Television Tuesday: Country Music

Ken Burns turned his detail-oriented documentarian’s eye to American music for his latest PBS documentary, Country Music. The show runs four sixteen hours, in eight two-hour segments airing on KQED Sunday nights. Burns start before the turn of the 20th century and by the third episode, he is discussing the music of the 1950s.

The show headlines male performers like Hank Williams and Johnny Cash, but women are not erased from the genre here. Singer-songwriters like Roseanne Cash, Dolly Parton, Rhiannon Giddens and Brenda Lee all contribute to the commentary; and the show does not skimp on the contributions of performers like the Carter Sisters and their mother, Maybelle Carter, who wrote hit after hit and whose guitar style influenced and inspired generations of performers.

I also learned from the documentary that it was the Carters who discovered Chet Atkins, that they went to the wall to bring him to Nashville when their studio thought his style wasn’t “country,” so that basically they started his country career.

I also learned a lot more about radio stations in the first half of the 20th century, and what a huge, direct influence they had on music.

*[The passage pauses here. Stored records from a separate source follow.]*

lemma Lfun_le_majorizer:
  fixes M :: "nat \<Rightarrow> nat \<Rightarrow> real" and f g :: "nat \<Rightarrow> nat \<Rightarrow> real"
  assumes M_nonneg: "\<And>i j. i < n \<Longrightarrow> j < p \<Longrightarrow> M i j \<ge> 0"
    and mrow_pos: "\<And>i. i < n \<Longrightarrow> mrow p M i > 0"
    and s1_pos: "\<And>j. j < p \<Longrightarrow> s1 j > 0" and s2_pos: "s2 > 0"
    and adm1: "admissible b1 c1 q11 q21" and adm2: "admissible b2 c2 q12 q22"
    and f_nonneg: "\<And>i j. i < n \<Longrightarrow> j < p \<Longrightarrow> f i j \<ge> 0"
    and g_nonneg: "\<And>i j. i < n \<Longrightarrow> j < p \<Longrightarrow> g i j \<ge> 0"
  shows "Lfun n p M s1 s2 b1 c1 q11 q21 b2 c2 q12 q22 f
         \<le> Lfun n p M s1 s2 b1 c1 q11 q21 b2 c2 q12 q22 g
           + (\<Sum>i<n. \<Sum>j<p. Wmat p M s1 s2 b1 c1 q11 q21 b2 c2 q12 q22 g i j * (f i j - g i j))
             / (4 * mtot n p M)"
proof -
  define u where "u F i = row_loss p M s1 b1 c1 q11 q21 F i / (mrow p M i * s2\<^sup>2)" for F i
  define W where "W = Wmat p M s1 s2 b1 c1 q11 q21 b2 c2 q12 q22 g"
  have Lfun_eq: "Lfun n p M s1 s2 b1 c1 q11 q21 b2 c2 q12 q22 F
      = s2\<^sup>2 / mtot n p M * (\<Sum>i<n. mrow p M i * hfun b2 c2 q12 q22 (u F i))" for F
    by (simp add: Lfun_def u_def row_loss_def)
  have row_step: "mrow p M i * hfun b2 c2 q12 q22 (u f i)
      \<le> mrow p M i * hfun b2 c2 q12 q22 (u g i) + (\<Sum>j<p. W i j * (f i j - g i j)) / (4 * s2\<^sup>2)"
    if "i < n" for i
  proof -
    have "W i j = M i j * rho_weight b1 c1 q11 q21 (sqrt (g i j) / s1 j)
                    * rho_weight b2 c2 q12 q22 (sqrt (u g i))" if "j < p" for j
      unfolding W_def u_def
      by (rule Wmat_eq_rho_weight[OF adm1 adm2 mrow_pos[OF \<open>i < n\<close>] s2_pos that])
        (use M_nonneg s1_pos g_nonneg \<open>i < n\<close> in auto)
    moreover have "mrow p M i * hfun b2 c2 q12 q22 (u f i)
      \<le> mrow p M i * hfun b2 c2 q12 q22 (u g i)
        + (\<Sum>j<p. M i j * rho_weight b1 c1 q11 q21 (sqrt (g i j) / s1 j)
             * rho_weight b2 c2 q12 q22 (sqrt (u g i)) * (f i j - g i j)) / (4 * s2\<^sup>2)"
      unfolding u_def
      by (rule row_term_le_tangent[OF adm1 adm2 mrow_pos[OF \<open>i < n\<close>] s2_pos])
        (use M_nonneg s1_pos f_nonneg g_nonneg \<open>i < n\<close> in auto)
    ultimately show ?thesis
      by simp
  qed
  have "mtot n p M \<ge> 0"
    unfolding mtot_def using mrow_pos by (intro sum_nonneg) (simp add: less_imp_le)
  then have "s2\<^sup>2 / mtot n p M * (\<Sum>i<n. mrow p M i * hfun b2 c2 q12 q22 (u f i))
      \<le> s2\<^sup>2 / mtot n p M * (\<Sum>i<n. mrow p M i * hfun b2 c2 q12 q22 (u g i)
                                  + (\<Sum>j<p. W i j * (f i j - g i j)) / (4 * s2\<^sup>2))"
    using row_step by (intro mult_left_mono sum_mono) auto
  also have "\<dots> = s2\<^sup>2 / mtot n p M * (\<Sum>i<n. mrow p M i * hfun b2 c2 q12 q22 (u g i))
      + (\<Sum>i<n. \<Sum>j<p. W i j * (f i j - g i j)) / (4 * mtot n p M)"
    using s2_pos by (simp add: sum.distrib distrib_left sum_divide_distrib[symmetric])
  finally show ?thesis
    unfolding Lfun_eq W_def .
qed

theorem lemma3:
  fixes n p :: nat and M :: "nat \<Rightarrow> nat \<Rightarrow> real" and s1 :: "nat \<Rightarrow> real" and s2 :: real
    and b1 c1 q11 q21 b2 c2 q12 q22 :: real
    and f g :: "nat \<Rightarrow> nat \<Rightarrow> real"
  assumes M01: "\<And>i j. i < n \<Longrightarrow> j < p \<Longrightarrow> M i j \<in> {0, 1}"
    and mrow_ge: "\<And>i. i < n \<Longrightarrow> mrow p M i \<ge> 1"
    and s1_pos: "\<And>j. j < p \<Longrightarrow> s1 j > 0"
    and s2_pos: "s2 > 0"
    and adm1: "admissible b1 c1 q11 q21"
    and adm2: "admissible b2 c2 q12 q22"
    and f_nonneg: "\<And>i j. i < n \<Longrightarrow> j < p \<Longrightarrow> f i j \<ge> 0"
    and g_nonneg: "\<And>i j. i < n \<Longrightarrow> j < p \<Longrightarrow> g i j \<ge> 0"
    and hyp: "(\<Sum>i<n. \<Sum>j<p. Wmat p M s1 s2 b1 c1 q11 q21 b2 c2 q12 q22 g i j * f i j)
              \<le> (\<Sum>i<n. \<Sum>j<p. Wmat p M s1 s2 b1 c1 q11 q21 b2 c2 q12 q22 g i j * g i j)"
  shows "Lfun n p M s1 s2 b1 c1 q11 q21 b2 c2 q12 q22 f
         \<le> Lfun n p M s1 s2 b1 c1 q11 q21 b2 c2 q12 q22 g"
proof -
  let ?W = "Wmat p M s1 s2 b1 c1 q11 q21 b2 c2 q12 q22 g"
  have "(\<Sum>i<n. \<Sum>j<p. ?W i j * (f i j - g i j)) \<le> 0"
    using hyp by (simp add: right_diff_distrib sum_subtractf)
  moreover have "mtot n p M \<ge> 0"
    unfolding mtot_def using mrow_ge by (intro sum_nonneg) (meson lessThan_iff order_trans zero_le_one)
  ultimately have "(\<Sum>i<n. \<Sum>j<p. ?W i j * (f i j - g i j)) / (4 * mtot n p M) \<le> 0"
    by (simp add: divide_nonpos_nonneg)
  moreover have "Lfun n p M s1 s2 b1 c1 q11 q21 b2 c2 q12 q22 f
      \<le> Lfun n p M s1 s2 b1 c1 q11 q21 b2 c2 q12 q22 g
        + (\<Sum>i<n. \<Sum>j<p. ?W i j * (f i j - g i j)) / (4 * mtot n p M)"
    using M01 mrow_ge
    by (intro Lfun_le_majorizer[OF _ _ s1_pos s2_pos adm1 adm2 f_nonneg g_nonneg]) force+
  ultimately show ?thesis
    by linarith
qed
lemma pinned_coords_unit_interval: "t \<in> pinned_coords p k \<Longrightarrow> t \<in> {0..1}"
proof -
  assume "t \<in> pinned_coords p k"
  then obtain P where P: "legal_pos \<beta> P" "pinned \<beta> \<sigma> p k P" "t = rel_coord p (pos_box P)"
    unfolding pinned_coords_def by blast
  obtain a b where ab: "a < b" "pos_box P = {a..b}"
    using legal_pos_cpt_interval[OF P(1)] unfolding cpt_interval_def by blast
  have "p \<in> {a..b}"
    using pinned_in_box[OF P(2)] ab(2) by simp
  then show ?thesis
    using P(3) ab by (simp add: rel_coord_Icc)
qed

lemma pinned_coords_advance:
  assumes "legal_pos \<beta> P" "pinned \<beta> \<sigma> p (Suc k) P" "bob_move \<beta> (pos_box P) (alice_reply \<sigma> P) X"
  shows "rel_coord p X \<in> pinned_coords p k"
proof -
  have "legal_pos \<beta> (advance P (alice_reply \<sigma> P) X)" "pinned \<beta> \<sigma> p k (advance P (alice_reply \<sigma> P) X)"
    using assms legal_pos_advance alice_reply_legal[OF strategy] by auto
  then show ?thesis
    unfolding pinned_coords_def by (metis (mono_tags, lifting) mem_Collect_eq pos_box_advance)
qed

lemma pinned_coords_Suc:
  assumes "t \<in> pinned_coords p (Suc k)"
  shows "\<exists>u0 \<in> {0, 1 - \<beta> - slack \<beta>}. slack \<beta> \<le> t - u0 \<and> t - u0 \<le> \<beta> \<and>
           (\<forall>u \<in> {u0..u0 + slack \<beta>}. (t - u) / \<beta> \<in> pinned_coords p k)"
proof -
  define w where "w = slack \<beta>"
  obtain P where P: "legal_pos \<beta> P" "pinned \<beta> \<sigma> p (Suc k) P" "t = rel_coord p (pos_box P)"
    using assms unfolding pinned_coords_def by blast
  obtain a b where ab: "a < b" "pos_box P = {a..b}"
    using legal_pos_cpt_interval[OF P(1)] unfolding cpt_interval_def by blast
  define L where "L = b - a"
  have aL: "0 < L" "pos_box P = {a..a + L}"
    using ab by (simp_all add: L_def)
  have t: "p - a = t * L"
    using P(3) aL by (simp add: rel_coord_Icc)
  have A: "alice_move \<beta> {a..a + L} (alice_reply \<sigma> P)" and p: "p \<in> {a..a + L}"
    using alice_reply_legal[OF strategy P(1)] pinned_in_box[OF P(2)] aL(2) by simp_all
  have no_escape: "\<not> (\<exists>X. bob_move \<beta> {a..a + L} (alice_reply \<sigma> P) X \<and> p \<notin> X)"
    using P(2) aL(2) pinned_in_box pos_box_advance by (metis pinned.simps(2))
  have "a < a + L"
    using aL(1) by simp
  from bob_avoids_or_cornered[OF \<beta>_pos \<beta>_small this A p, unfolded add_diff_cancel_left', folded w_def]
  obtain c0 where c0: "c0 \<in> {a, a + L - \<beta> * L - w * L}" "w * L \<le> p - c0" "p - c0 \<le> \<beta> * L"
    and moves: "\<And>c. c \<in> {c0..c0 + w * L} \<Longrightarrow> bob_move \<beta> {a..a + L} (alice_reply \<sigma> P) {c..c + \<beta> * L}"
    using no_escape by blast
  define u0 where "u0 = (c0 - a) / L"
  have c0_eq: "c0 = a + u0 * L"
    using aL(1) by (simp add: u0_def)
  have "u0 \<in> {0, 1 - \<beta> - w}"
    using c0(1) aL(1) by (auto simp: u0_def field_simps)
  moreover have "p - c0 = (t - u0) * L"
    using t c0_eq by (simp add: left_diff_distrib)
  then have "w \<le> t - u0" "t - u0 \<le> \<beta>"
    using c0(2,3) aL(1) by (simp_all add: mult_le_cancel_right_pos)
  moreover have "(t - u) / \<beta> \<in> pinned_coords p k" if u: "u \<in> {u0..u0 + w}" for u
  proof -
    have "u0 * L \<le> u * L" "u * L \<le> u0 * L + w * L"
      using u aL(1) by (simp_all add: distrib_right[symmetric])
    then have "bob_move \<beta> (pos_box P) (alice_reply \<sigma> P) {a + u * L..a + u * L + \<beta> * L}"
      using c0_eq aL(2) by (simp add: moves)
    then show ?thesis
      using pinned_coords_advance[OF P(1,2)] rel_coord_subinterval[OF aL(1) \<beta>_pos] P(3) aL(2) by metis
  qed
  ultimately show ?thesis
    unfolding w_def by blast
qed
lemma card_square_le_sqrt: "real (card {q :: nat. q * q \<le> K}) \<le> sqrt K + 1"
proof -
  define s where "s = nat \<lfloor>sqrt K\<rfloor>"
  have "{q :: nat. q * q \<le> K} \<subseteq> {..s}"
  proof
    fix q
    assume "q \<in> {q :: nat. q * q \<le> K}"
    then have "(real q)\<^sup>2 \<le> real K"
      by (simp add: power2_eq_square flip: of_nat_mult)
    then have "real q \<le> sqrt K"
      by (rule real_le_rsqrt)
    then show "q \<in> {..s}"
      by (simp add: s_def le_nat_floor)
  qed
  then have "card {q :: nat. q * q \<le> K} \<le> s + 1"
    using card_mono[OF finite_atMost] by fastforce
  moreover have "real s \<le> sqrt K"
    by (simp add: s_def)
  ultimately show ?thesis
    by linarith
qed

lemma sum_inverse_odd_squares_le:
  assumes "1 \<le> j"
  shows "(\<Sum>i = 1..j. 1 / (real (2 * i + 1))\<^sup>2) \<le> 17 / 72 - 1 / (4 * (real j + 1))"
  using assms
proof (induction j rule: dec_induct)
  case base
  then show ?case
    by simp
next
  case (step j)
  have "4 * (real j + 1) * (real j + 2) \<le> (real (2 * Suc j + 1))\<^sup>2"
    by (simp add: power2_eq_square algebra_simps)
  then have "1 / (real (2 * Suc j + 1))\<^sup>2 \<le> 1 / (4 * (real j + 1) * (real j + 2))"
    by (intro divide_left_mono) auto
  also have "\<dots> = 1 / (4 * (real j + 1)) - 1 / (4 * (real (Suc j) + 1))"
    by (simp add: divide_simps)
  finally show ?case
    using step.IH by simp
qed

lemma sum_inverse_square_primes_le:
  assumes "finite P" and "\<forall>q \<in> P. prime (q :: nat)"
  shows "(\<Sum>q \<in> P. 1 / (real q)\<^sup>2) \<le> 35 / 72"
proof -
  obtain B where B: "\<forall>q \<in> P. q \<le> B"
    using assms(1) finite_nat_set_iff_bounded_le by blast
  define odd_nat where "odd_nat = (\<lambda>i :: nat. 2 * i + 1)"
  have "P \<subseteq> insert 2 (odd_nat ` {1..Suc B})"
  proof
    fix q
    assume "q \<in> P"
    show "q \<in> insert 2 (odd_nat ` {1..Suc B})"
    proof (cases "q = 2")
      case False
      with \<open>q \<in> P\<close> assms(2) have "2 < q"
        using prime_ge_2_nat le_neq_implies_less by metis
      with \<open>q \<in> P\<close> assms(2) have "odd q"
        using prime_odd_nat by blast
      then obtain i where i: "q = 2 * i + 1"
        by (rule oddE)
      moreover have "i \<in> {1..Suc B}"
        using i \<open>2 < q\<close> \<open>q \<in> P\<close> B by fastforce
      ultimately show ?thesis
        by (auto simp: odd_nat_def)
    qed simp
  qed
  then have "(\<Sum>q \<in> P. 1 / (real q)\<^sup>2) \<le> (\<Sum>q \<in> insert 2 (odd_nat ` {1..Suc B}). 1 / (real q)\<^sup>2)"
    by (intro sum_mono2) auto
  also have "\<dots> = 1 / 4 + (\<Sum>i = 1..Suc B. 1 / (real (2 * i + 1))\<^sup>2)"
    by (subst sum.insert) (auto simp: odd_nat_def sum.reindex inj_on_def)
  also have "\<dots> \<le> 1 / 4 + (17 / 72 - 1 / (4 * (real (Suc B) + 1)))"
    using sum_inverse_odd_squares_le[of "Suc B"] by simp
  also have "\<dots> \<le> 35 / 72"
    by simp
  finally show ?thesis .
qed

lemma card_square_dvd_affine_le:
  fixes a c q X :: nat
  assumes "prime q" and "coprime a c"
  shows "real (card {m \<in> {..<X}. q\<^sup>2 dvd a * m + c}) \<le> real X / (real q)\<^sup>2 + 1"
proof (cases "coprime a q")
  case True
  then have "card {m \<in> {..<X}. q\<^sup>2 dvd a * m + c} \<le> X div q\<^sup>2 + 1"
    using assms(1) by (intro card_dvd_affine_le) (auto simp: prime_gt_0_nat)
  moreover have "real (X div q\<^sup>2) \<le> real X / (real q)\<^sup>2"
    using of_nat_div_le_of_nat[of X "q\<^sup>2"] by simp
  ultimately show ?thesis
    by linarith
next
  case False
  then have "q dvd a"
    using assms(1) by (metis coprime_commute prime_imp_coprime)
  then have "\<not> q dvd c"
    using assms by (metis coprime_common_divisor not_prime_unit)
  then have "\<not> q dvd a * m + c" for m
    using \<open>q dvd a\<close> by (simp add: dvd_add_right_iff)
  moreover have "q dvd q\<^sup>2"
    by (simp add: power2_eq_square)
  ultimately have "{m \<in> {..<X}. q\<^sup>2 dvd a * m + c} = {}"
    using dvd_trans by blast
  then show ?thesis
    by (simp only: card.empty) simp
qed

lemma card_not_squarefree_affine_le:
  fixes a c X :: nat
  assumes "1 \<le> c" and "coprime a c"
  shows "real (card {m \<in> {..<X}. \<not> squarefree (a * m + c)}) \<le> 35 / 72 * X + sqrt (a * X + c) + 1"
proof -
  define K where "K = a * X + c"
  define P where "P = {q :: nat. prime q \<and> q * q \<le> K}"
  define S where "S = (\<lambda>q. {m \<in> {..<X}. q\<^sup>2 dvd a * m + c})"
  have "finite P"
    unfolding P_def by (rule finite_subset[of _ "{..K}"]) (auto intro: order.trans[OF le_square])
  have bad_sub: "{m \<in> {..<X}. \<not> squarefree (a * m + c)} \<subseteq> (\<Union>q \<in> P. S q)"
  proof
    fix m
    assume m: "m \<in> {m \<in> {..<X}. \<not> squarefree (a * m + c)}"
    have "a * m + c \<noteq> 0"
      using assms(1) by simp
    then obtain q where q: "prime q" "q\<^sup>2 dvd a * m + c"
      using m squarefree_factorial_semiring[OF \<open>a * m + c \<noteq> 0\<close>] by auto
    then have "q * q \<le> a * m + c"
      using \<open>a * m + c \<noteq> 0\<close> by (simp add: dvd_imp_le power2_eq_square)
    also have "\<dots> \<le> K"
      using m by (simp add: K_def)
    finally show "m \<in> (\<Union>q \<in> P. S q)"
      using m q by (auto simp: P_def S_def)
  qed
  have "card {m \<in> {..<X}. \<not> squarefree (a * m + c)} \<le> card (\<Union>q \<in> P. S q)"
    using bad_sub by (rule card_mono[rotated]) (auto simp: S_def \<open>finite P\<close>)
  also have "\<dots> \<le> (\<Sum>q \<in> P. card (S q))"
    by (rule card_UN_le[OF \<open>finite P\<close>])
  finally have "real (card {m \<in> {..<X}. \<not> squarefree (a * m + c)}) \<le> (\<Sum>q \<in> P. real (card (S q)))"
    by (simp flip: of_nat_sum)
  also have "\<dots> \<le> (\<Sum>q \<in> P. real X / (real q)\<^sup>2 + 1)"
    unfolding S_def using card_square_dvd_affine_le[OF _ assms(2)] by (intro sum_mono) (simp add: P_def)
  also have "\<dots> = real X * (\<Sum>q \<in> P. 1 / (real q)\<^sup>2) + card P"
    by (simp add: sum.distrib sum_distrib_left)
  also have "\<dots> \<le> real X * (35 / 72) + (sqrt K + 1)"
  proof (rule add_mono)
    show "real X * (\<Sum>q \<in> P. 1 / (real q)\<^sup>2) \<le> real X * (35 / 72)"
      using sum_inverse_square_primes_le[OF \<open>finite P\<close>] by (intro mult_left_mono) (auto simp: P_def)
    have "card P \<le> card {q :: nat. q * q \<le> K}"
      by (rule card_mono) (auto simp: P_def intro: finite_subset[of _ "{..K}"] order.trans[OF le_square])
    then show "real (card P) \<le> sqrt K + 1"
      using card_square_le_sqrt[of K] by linarith
  qed
  finally show ?thesis
    by (simp add: K_def)
qed

lemma exists_nat_linear_less_quadratic:
  fixes A B c :: real
  assumes "0 < c"
  shows "\<exists>K :: nat. 1 \<le> K \<and> A + B * K < c * (real K)\<^sup>2"
proof -
  define K where "K = nat \<lceil>(\<bar>A\<bar> + \<bar>B\<bar> + 1) / c\<rceil> + 1"
  have "1 \<le> K"
    by (simp add: K_def)
  have "(\<bar>A\<bar> + \<bar>B\<bar> + 1) / c \<le> K"
    unfolding K_def by linarith
  then have "\<bar>A\<bar> + \<bar>B\<bar> + 1 \<le> c * K"
    using assms by (simp add: divide_le_eq mult.commute)
  from mult_right_mono[OF this, of "real K"]
  have "(\<bar>A\<bar> + \<bar>B\<bar> + 1) * K \<le> c * (real K)\<^sup>2"
    by (simp add: power2_eq_square mult.assoc)
  moreover have "A + B * K < (\<bar>A\<bar> + \<bar>B\<bar> + 1) * K"
  proof -
    have "A \<le> \<bar>A\<bar> * K"
      using \<open>1 \<le> K\<close> mult_left_mono[of 1 "real K" "\<bar>A\<bar>"] by simp
    moreover have "B * K \<le> \<bar>B\<bar> * K"
      by (rule mult_right_mono) simp_all
    moreover have "(\<bar>A\<bar> + \<bar>B\<bar> + 1) * K = \<bar>A\<bar> * K + \<bar>B\<bar> * K + K"
      by (simp add: algebra_simps)
    ultimately show ?thesis
      using \<open>1 \<le> K\<close> by linarith
  qed
  ultimately show ?thesis
    using \<open>1 \<le> K\<close> by (intro exI[of _ K]) simp
qed

lemma sqrt_affine_square_le:
  fixes e f K :: nat
  assumes "1 \<le> K"
  shows "sqrt (e * K\<^sup>2 + f) \<le> sqrt (e + f) * K"
proof -
  have "1 \<le> (real K)\<^sup>2"
    using assms by simp
  from mult_left_mono[OF this, of "real f"]
  have "real (e * K\<^sup>2 + f) \<le> real (e + f) * (real K)\<^sup>2"
    by (simp add: algebra_simps)
  then have "sqrt (e * K\<^sup>2 + f) \<le> sqrt (real (e + f) * (real K)\<^sup>2)"
    by (rule real_sqrt_le_mono)
  also have "\<dots> = sqrt (e + f) * K"
    by (simp add: real_sqrt_mult)
  finally show ?thesis .
qed

lemma exists_squarefree_affine_pair:
  fixes a b c d N :: nat
  assumes "1 \<le> c" "coprime a c" and "1 \<le> d" "coprime b d"
  shows "\<exists>m \<ge> N. squarefree (a * m + c) \<and> squarefree (b * m + d)"
proof -
  obtain K :: nat where "1 \<le> K"
    and K: "real N + 2 + (sqrt (a + c) + sqrt (b + d)) * K < 1 / 36 * (real K)\<^sup>2"
    using exists_nat_linear_less_quadratic[of "1 / 36" "real N + 2" "sqrt (a + c) + sqrt (b + d)"]
    by auto
  define X where "X = K\<^sup>2"
  define bad where "bad = (\<lambda>e f. {m \<in> {..<X}. \<not> squarefree (e * m + f)})"
  have "real (card (bad a c)) + real (card (bad b d)) + real N < real X"
  proof -
    have "real X = (real K)\<^sup>2"
      by (simp add: X_def)
    moreover have "real N + 2 + sqrt (a + c) * K + sqrt (b + d) * K < 1 / 36 * (real K)\<^sup>2"
      using K by (simp add: distrib_right)
    ultimately show ?thesis
      using card_not_squarefree_affine_le[OF assms(1,2), of X] card_not_squarefree_affine_le[OF assms(3,4), of X]
        sqrt_affine_square_le[OF \<open>1 \<le> K\<close>, of a c] sqrt_affine_square_le[OF \<open>1 \<le> K\<close>, of b d]
      unfolding bad_def X_def by linarith
  qed
  then have "card (bad a c) + card (bad b d) + N < X"
    by (simp only: of_nat_add[symmetric] of_nat_less_iff)
  moreover have "card (bad a c \<union> bad b d \<union> {..<N}) \<le> card (bad a c) + card (bad b d) + N"
    using card_Un_le[of "bad a c \<union> bad b d" "{..<N}"] card_Un_le[of "bad a c" "bad b d"]
    by simp
  ultimately have "card (bad a c \<union> bad b d \<union> {..<N}) < card {..<X}"
    by simp
  then have "\<not> {..<X} \<subseteq> bad a c \<union> bad b d \<union> {..<N}"
    using card_mono[of "bad a c \<union> bad b d \<union> {..<N}" "{..<X}"] by (auto simp: bad_def)
  then obtain m where "m \<in> {..<X}" and "m \<notin> bad a c \<union> bad b d \<union> {..<N}"
    by blast
  then show ?thesis
    by (auto simp: bad_def not_less)
qed
(* Let $n\geq 16$ and let $D\subseteq X^n$ be a set such that any two distinct words of $D$ are at Hamming distance $3$ or $4$. Then $|D|\leq n$.
   Context: $X^n$ is the set of words of length $n$ over the alphabet $\{*,0,1\}$ containing exactly one symbol $*$. The Hamming distance between two words is the number of coordinates in which they differ. *)

theory Defs
  imports Main
begin

datatype sym = Star | Zero | One

definition X :: "nat \<Rightarrow> sym list set" where
  "X n = {w. length w = n \<and> card {i. i < n \<and> w ! i = Star} = 1}"

definition hamming :: "sym list \<Rightarrow> sym list \<Rightarrow> nat" where
  "hamming u v = card {i. i < length u \<and> u ! i \<noteq> v ! i}"

end

theory Submission
  imports Defs
begin

text \<open>
  Sort the words by the position of their star; if all stars differ there are at most \<open>n\<close>
  words. Otherwise take \<open>u \<noteq> u'\<close> with a common star \<open>p\<close>, let \<open>S\<close> be the 3 or 4 positions
  where they differ and \<open>T\<close> the positions outside \<open>S \<union> {p}\<close>. Away from the stars all words are
  binary, so a word \<open>a\<close> is determined relative to \<open>u\<close> by its star and the sets \<open>Q a \<subseteq> S\<close>,
  \<open>M a \<subseteq> T\<close> where it differs from \<open>u\<close>, and its distances to \<open>u\<close> and \<open>u'\<close> are explicit in
  \<open>|Q a|\<close> and \<open>|M a|\<close>.

  If every star class has at most two words, the classes at \<open>p\<close> and at the points of \<open>S\<close>
  contribute at most 10 words and those with star in \<open>T\<close> at most 6. Otherwise some class has
  three words, two of which are at distance 4, because a common star makes the three distances
  sum to an even number. So we may assume \<open>|S| = 4\<close> and that the class of \<open>p\<close> contains a
  third word. If one such word \<open>y\<close> has \<open>|M y| = 2\<close>, at most two words have their star off \<open>p\<close>
  and at most \<open>|T| + 1\<close> further words have star \<open>p\<close>, so \<open>|D| \<le> |T| + 5 = n\<close>. Otherwise all
  of them have \<open>|M y| = 1\<close>, and a finer count of the three kinds of stars gives \<open>|D| \<le> 16\<close>.
\<close>

section \<open>Finite sets\<close>

lemma card_sym_diff:
  assumes "finite A" "finite B"
  shows "card (sym_diff A B) + 2 * card (A \<inter> B) = card A + card B"
proof -
  have "card (sym_diff A B) = card (A - B) + card (B - A)"
    using assms by (intro card_Un_disjoint) auto
  moreover have "card A = card (A \<inter> B) + card (A - B)" "card B = card (A \<inter> B) + card (B - A)"
    using card_Int_Diff[OF assms(1), of B] card_Int_Diff[OF assms(2), of A] by (simp_all add: Int_commute)
  ultimately show ?thesis by simp
qed

lemma eq_if_card_sym_diff_le_1:
  assumes "finite A" "finite B" "card A = card B" "card (sym_diff A B) \<le> 1"
  shows "A = B"
proof -
  have "card (sym_diff A B) = 0"
    using card_sym_diff[OF assms(1,2)] assms(3,4) by presburger
  then show ?thesis using assms(1,2) by auto
qed

lemma obtain_three_distinct:
  assumes "3 \<le> card F"
  obtains x y z where "x \<in> F" "y \<in> F" "z \<in> F" "x \<noteq> y" "x \<noteq> z" "y \<noteq> z"
proof -
  have "Suc (Suc (Suc 0)) \<le> card F" using assms by simp
  then show ?thesis using that unfolding card_le_Suc_iff by auto
qed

In addition to being a brilliant instrumentalist and vocalist, Rhiannon Giddens of the Carolina Chocolate Drops, is a historian with a concentration on American music. Giddens, who played blues and bluegrass, can also sing Welsh folksongs (Welsh!) and traditional ballads like Renardine and Barb’ry Allen. Giddens celebrates the confluence of Appalachian folk music in the late 1800s/early 1900s and black spirituals and blues. The banjo, for instance, an instrument almost completely associated with “country and western” music, came from Africa with the people who were abducted and enslaved. White musicians often “borrowed” songs from black churches and black musicians, and recorded those songs and made more money, but Giddens points out at the level of the musicians themselves, the flow went in both directions. Black players borrowed British-Isle folk tunes and jigs to add to their traditional music.

This is rabbit hole, but I just want you to hear her voice (and I highly recommend Full Screen.)

(As for appropriation, June Carter’s uncle AJ Carter made a tidy living traveling around the southeast, Kentucky and Tennessee going into each individual “holler” and talking to people, tracking down folk tunes. He’d get people to sing their songs for him. Then he’d go back, write them down, copyright them, and have Sarah and Maybelle Carter record them and have huge hits.)

Another thing that stood out in the first three episodes was how many of country’s big stars; Williams, Cash, Lynn as examples, grew up in grinding poverty. Even after the rest of the country moved out of the Great Depression, the southeast was mired in poverty. Did this background fuel the drive of some of these pickers and yodelers? I have to think it did.

We’re less than halfway through the documentary as I’m writing this; I’m still recommending it. There is one problem with it; it’s hard for me to listen to the speakers or the text, because I want to sing along with many of the old-time folk songs!